Par ailleurs, les rapports qu'entretiennent ces hommes avec les femmes - mais aussi, pour être complet, avec leurs sexuellement semblables - oscillent, par ailleurs, entre épouvantable et parfaitement creux avec des variantes situées entre anecdotique, strictement sexuelle ou presque étrangère, excepté peut-être pour ce jeune homme sortant tout juste de son adolescence romantique. Notons par ailleurs qu'ils partagent tous cette étrange et morne solitude bien que se mouvant au beau milieu de leurs quasi-clones contemporains : on peine à nommer de ce beau nom d'amitié les rapports qu'ils entretiennent avec leurs semblables de même sexe ou de sexe opposé. Quant à la seule idée de famille, elle est totalement inexistante à force d'être annihilée par l'auteur. Les lecteurs pour lesquels amour, amitié, famille (etc) revêtent encore quelque importance apprécieront...
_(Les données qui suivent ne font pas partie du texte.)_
(* Let $\Omega$, $\Upsilon$, $\Gamma$ be finite sets, $n=|\Omega|$, and let $f\colon\Omega\to\Upsilon$ and $g\colon\Omega\to\Gamma$ be surjective. Let $V_\Omega=\mathbb{R}^\Omega$, let $V_\Upsilon\le V_\Omega$ be the subspace of vectors $v$ with $v(\omega)$ depending only on $f(\omega)$, and $V_\Gamma\le V_\Omega$ the subspace of vectors with $v(\omega)$ depending only on $g(\omega)$. Let $\mathcal{P}$, $\mathcal{Q}$, $\mathcal{R}$ be orthogonal decompositions of $V_\Omega$, $V_\Upsilon$, $V_\Gamma$, respectively, each containing the matrix $\mathbf{P}_0=\mathbf{Q}_0=\mathbf{R}_0=n^{-1}\mathbf{J}$. Write $\mathbf{I}_{\mathcal{Q}}=\sum_{\mathbf{Q}\in\mathcal{Q}}\mathbf{Q}$ and $\mathbf{I}_{\mathcal{R}}=\sum_{\mathbf{R}\in\mathcal{R}}\mathbf{R}$. Suppose $\mathcal{Q}$ is structure balanced in relation to $\mathcal{P}$, and let $\mathbf{P}\in\mathcal{P}\setminus\{\mathbf{P}_0\}$. Then the following are equivalent: (i) $(\mathbf{P}\vartriangleright\mathbf{Q})\mathbf{I}_{\mathcal{R}}=\mathbf{0}$ for all $\mathbf{Q}\in\mathcal{Q}$ with $\lambda_{\mathbf{PQ}}\neq0$; (ii) $\mathbf{QPR}=\mathbf{0}$ for all $\mathbf{Q}\in\mathcal{Q}$ and all $\mathbf{R}\in\mathcal{R}$; (iii) $\mathbf{I}_{\mathcal{Q}}\mathbf{P}\mathbf{I}_{\mathcal{R}}=\mathbf{0}$. Moreover, if these conditions hold for every $\mathbf{P}\in\mathcal{P}\setminus\{\mathbf{P}_0\}$, then $V_\Upsilon\cap V_0^\perp$ is orthogonal to $V_\Gamma\cap V_0^\perp$ (where $V_0$ is the space of constant vectors), and for every $\upsilon\in\Upsilon$ and $\gamma\in\Gamma$ there exists $\omega\in\Omega$ with $f(\omega)=\upsilon$ and $g(\omega)=\gamma$.
   Context: $\mathbf{J}$ is the $n\times n$ all-ones matrix. $V_\Omega$ carries the standard inner product; all matrices are $\Omega\times\Omega$. An orthogonal decomposition of a subspace $W\le V_\Omega$ is a finite set of nonzero symmetric idempotent matrices that are mutually orthogonal and whose sum is the orthogonal projector onto $W$. For projectors $\mathbf{A},\mathbf{B}$: $\mathbf{B}$ has first-order balance in relation to $\mathbf{A}$ if $\mathbf{BAB}=\lambda_{\mathbf{AB}}\mathbf{B}$ for a scalar $\lambda_{\mathbf{AB}}$ (efficiency factor); if $\lambda_{\mathbf{AB}}\ne0$, $\mathbf{A}\vartriangleright\mathbf{B}=\lambda_{\mathbf{AB}}^{-1}\mathbf{ABA}$. $\mathcal{Q}$ is structure balanced in relation to $\mathcal{P}$ if every $\mathbf{Q}\in\mathcal{Q}$ has first-order balance in relation to every $\mathbf{P}\in\mathcal{P}$, and $\mathbf{Q}_1\mathbf{P}\mathbf{Q}_2=\mathbf{0}$ for all $\mathbf{P}\in\mathcal{P}$ and all distinct $\mathbf{Q}_1,\mathbf{Q}_2\in\mathcal{Q}$. *)

theory Defs
  imports "HOL-Analysis.Analysis"
begin

text \<open>Matrices indexed by a finite type 'o (playing the role of Omega).\<close>

definition all_ones :: "real ^ 'o ^ 'o" where
  "all_ones = (\<chi> i j. 1)"

definition orth_proj_onto :: "real ^ 'o ^ 'o \<Rightarrow> (real ^ 'o) set \<Rightarrow> bool" where
  "orth_proj_onto M W \<longleftrightarrow> transpose M = M \<and> M ** M = M \<and> range (\<lambda>v. M *v v) = W"

definition orth_decomp :: "(real ^ 'o ^ 'o) set \<Rightarrow> (real ^ 'o) set \<Rightarrow> bool" where
  "orth_decomp D W \<longleftrightarrow> finite D \<and>
     (\<forall>A\<in>D. A \<noteq> 0 \<and> transpose A = A \<and> A ** A = A) \<and>
     (\<forall>A\<in>D. \<forall>B\<in>D. A \<noteq> B \<longrightarrow> A ** B = 0) \<and>
     orth_proj_onto (\<Sum>A\<in>D. A) W"

definition first_order_balance :: "real ^ 'o ^ 'o \<Rightarrow> real ^ 'o ^ 'o \<Rightarrow> bool" where
  "first_order_balance B A \<longleftrightarrow> (\<exists>l. B ** A ** B = l *\<^sub>R B)"

text \<open>Efficiency factor lambda_AB (well defined when B is nonzero and balanced).\<close>
definition eff :: "real ^ 'o ^ 'o \<Rightarrow> real ^ 'o ^ 'o \<Rightarrow> real" where
  "eff A B = (SOME l. B ** A ** B = l *\<^sub>R B)"

definition tri :: "real ^ 'o ^ 'o \<Rightarrow> real ^ 'o ^ 'o \<Rightarrow> real ^ 'o ^ 'o" where
  "tri A B = (inverse (eff A B)) *\<^sub>R (A ** B ** A)"

definition structure_balanced :: "(real ^ 'o ^ 'o) set \<Rightarrow> (real ^ 'o ^ 'o) set \<Rightarrow> bool" where
  "structure_balanced Q P \<longleftrightarrow>
     (\<forall>q\<in>Q. \<forall>p\<in>P. first_order_balance q p) \<and>
     (\<forall>p\<in>P. \<forall>q1\<in>Q. \<forall>q2\<in>Q. q1 \<noteq> q2 \<longrightarrow> q1 ** p ** q2 = 0)"

definition factor_space :: "('o \<Rightarrow> 'u) \<Rightarrow> (real ^ 'o) set" where
  "factor_space f = {v. \<forall>x y. f x = f y \<longrightarrow> v $ x = v $ y}"

definition const_space :: "(real ^ 'o) set" where
  "const_space = {v. \<forall>x y. v $ x = v $ y}"

definition orth_compl :: "(real ^ 'o) set \<Rightarrow> (real ^ 'o) set" where
  "orth_compl W = {v. \<forall>w\<in>W. inner v w = 0}"

end

theory Submission
  imports Defs
begin

text \<open>
  Everything rests on one positivity fact: for symmetric idempotents \<open>A\<close>, \<open>B\<close> and any \<open>S\<close>,
  \<open>BABS = 0\<close> forces \<open>ABS = 0\<close>, because \<open>(ABS)\<^sup>T(ABS) = S\<^sup>T(BABS)\<close>. With \<open>S = I\<^sub>\<R>\<close> this turns
  \<open>(P \<rhd> Q) I\<^sub>\<R> = 0\<close> into \<open>QPI\<^sub>\<R> = 0\<close>, and the idempotents of a decomposition absorb its sum,
  so vanishing against \<open>I\<^sub>\<R>\<close> (or \<open>I\<^sub>\<Q>\<close>) is vanishing against each member.
  If (iii) holds for every \<open>P \<noteq> P\<^sub>0\<close>, expanding \<open>\<Sum>\<P> = 1\<close> gives \<open>I\<^sub>\<Q> I\<^sub>\<R> = P\<^sub>0\<close>, i.e.
  \<open>\<langle>x, y\<rangle> = \<langle>x, P\<^sub>0 y\<rangle>\<close> for \<open>x \<in> V\<^sub>\<Upsilon>\<close>, \<open>y \<in> V\<^sub>\<Gamma>\<close>. This vanishes on centred vectors, and for the
  indicators of the fibres \<open>f\<^sup>-\<^sup>1(\<upsilon>)\<close>, \<open>g\<^sup>-\<^sup>1(\<gamma>)\<close> it equals \<open>|f\<^sup>-\<^sup>1(\<upsilon>)| |g\<^sup>-\<^sup>1(\<gamma>)| / n > 0\<close>,
  so the fibres meet.
\<close>

lemma sum_matrix_mult:
  "(\<Sum>x\<in>S. f x) ** (B :: 'a::semiring_1^'p^'n) = (\<Sum>x\<in>S. f x ** B)"
  by (induction S rule: infinite_finite_induct)
     (simp_all add: vec_eq_iff matrix_matrix_mult_def sum.distrib algebra_simps)
definition CD_sig :: "'a set \<Rightarrow> ('a \<Rightarrow> 'a \<Rightarrow> bool) \<Rightarrow> ('a \<Rightarrow> 'a \<Rightarrow> real) \<Rightarrow> real \<Rightarrow> ereal \<Rightarrow> bool" where
  "CD_sig V E \<sigma> K N \<longleftrightarrow> (\<forall>f. \<forall>x\<in>V.
     sGamma2 V E \<sigma> f f x \<ge> invN N * (slap V E \<sigma> f x)\<^sup>2 + K * sGamma V E \<sigma> f f x)"

definition s_eigenfun :: "'a set \<Rightarrow> ('a \<Rightarrow> 'a \<Rightarrow> bool) \<Rightarrow> ('a \<Rightarrow> 'a \<Rightarrow> real) \<Rightarrow> ('a \<Rightarrow> real) \<Rightarrow> real \<Rightarrow> bool" where
  "s_eigenfun V E \<sigma> f lam \<longleftrightarrow> (\<exists>x\<in>V. f x \<noteq> 0) \<and> (\<forall>x\<in>V. - slap V E \<sigma> f x = lam * f x)"

end

(* Write Gamma = Gamma^sigma(f,f) = |grad^sigma f|^2/2.  For an eigenfunction,
   Gamma_2^sigma(f,f) = Delta Gamma/2 + lam Gamma and (Delta^sigma f)^2 = lam^2 f^2, so CD^sigma(K,N)
   becomes the Bochner-type inequality  Delta Gamma >= 2 (lam^2 f^2/N + (K - lam) Gamma).
   Summing against the degrees, where sum_x d_x Delta g(x) = 0 and sum_x d_x Gamma(x) = lam sum_x d_x f(x)^2,
   gives lam > 0 and lam >= lam/N + K.  At a maximum point x0 of H = Gamma + c f^2 with
   c = lam - K + delta we have Delta H(x0) <= 0, and as Delta(f^2) = 2 Gamma - 2 lam f^2 the Bochner
   inequality yields delta Gamma(x0) <= lam (c - lam/N) f(x0)^2.  Hence |grad^sigma f|^2 = 2 Gamma <= 2 H
   <= 2 H(x0) is bounded by a multiple of max f^2; delta = eps lam/2 gives the stated constant. *)

theory Submission
  imports Defs
begin

lemma deg_mult_slap: "deg V E x * slap V E \<sigma> g x = (\<Sum>y\<in>nbrs V E x. \<sigma> x y * g y - g x)"
proof (cases "deg V E x = 0")
  case True
  then have "nbrs V E x = {} \<or> infinite (nbrs V E x)" by (auto simp: deg_def)
  with True show ?thesis by auto
qed (simp add: slap_def)

lemma slap_cmult: "slap V E \<sigma> (\<lambda>z. a * g z) x = a * slap V E \<sigma> g x"
  by (simp add: slap_def sum_distrib_left algebra_simps)

lemma slap_add: "slap V E \<sigma> (\<lambda>z. g z + h z) x = slap V E \<sigma> g x + slap V E \<sigma> h x"
proof -
  have "(\<Sum>y\<in>nbrs V E x. \<sigma> x y * (g y + h y) - (g x + h x)) =
      (\<Sum>y\<in>nbrs V E x. \<sigma> x y * g y - g x) + (\<Sum>y\<in>nbrs V E x. \<sigma> x y * h y - h x)"
    by (simp add: sum.distrib[symmetric] algebra_simps)
  then show ?thesis by (simp add: slap_def distrib_left)
qed

lemma slap_cong:
  "(\<And>y. y \<in> nbrs V E x \<Longrightarrow> g y = h y) \<Longrightarrow> g x = h x \<Longrightarrow> slap V E \<sigma> g x = slap V E \<sigma> h x"
  unfolding slap_def by (auto intro!: sum.cong)

lemma sum_nbrs_swap:
  assumes "simple_graph V E"
  shows "(\<Sum>x\<in>V. \<Sum>y\<in>nbrs V E x. g x y) = (\<Sum>x\<in>V. \<Sum>y\<in>nbrs V E x. g y x)"
proof -
  have "finite V" and "\<And>x y. E x y = E y x" using assms by (auto simp: simple_graph_def)
  then show ?thesis unfolding nbrs_def by (subst sum.swap_restrict) auto
qed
Certes, le trait est un peu forcé dans ces quelques lignes critiques mais il se révèle à peine moins caricatural, une fois bien posées les différents aspects abordés, dans ce volume long, sensiblement répétitif malgré la multiplicité des personnages, et sans être réellement ennuyeux - d'un style agréable, même s'il n'est pour autant d'une intense originalité, l'ensemble se lit sans peine, sans fatigue, sans surprise -, il se révèle assez vite monotone, désespérant, gris, superficiel et... un rien prétentieux, au regard du titre-programme auquel il invite le lecteur. On est loin, très loin, des pénétrants portraits à la Henry James dont David Szalay pourrait sembler être un rejeton très lointain. Tout n'y est pas absolument mauvais, bien sûr. Certaines de ces effigies d'homme pouvant se révéler touchantes : ce jeune Simon du début, en particulier, et qui fait écho à l'ultime portrait de cet homme de soixante-treize ans, qui n'est autre que son propre grand-père, l'auteur bouclant ainsi cette boucle des mâles. De même, la trajectoire de ce milliardaire ruiné, neurasthénique et assommé par la demande de divorce de son épouse est une assez bonne surprise, une fois dépassés les aspects éminemment caricaturaux, quasiment parodiques de ce chapitre.

Subsiste en bout de course un ouvrage pour hipster n'ayant le temps de lire que quelques pages entre deux avions, entre deux rendez-vous d'affaire, pour lecteur pressé et sans doute à la pointe de la "modernitude" qui n'a certes aucune envie d'aller voir dans les détails si le diable s'y est mis mais qui se rassurera à bon compte en contemplant les petites misères fades et dénuées de sens de ses propres contemporains - tous des humains déshumanisés ? - plus ou moins identiques. Une relative déception après un démarrage sous les meilleurs auspices, la première présentation d'homme demeurant, à notre avis, la mieux réussie et la plus profonde.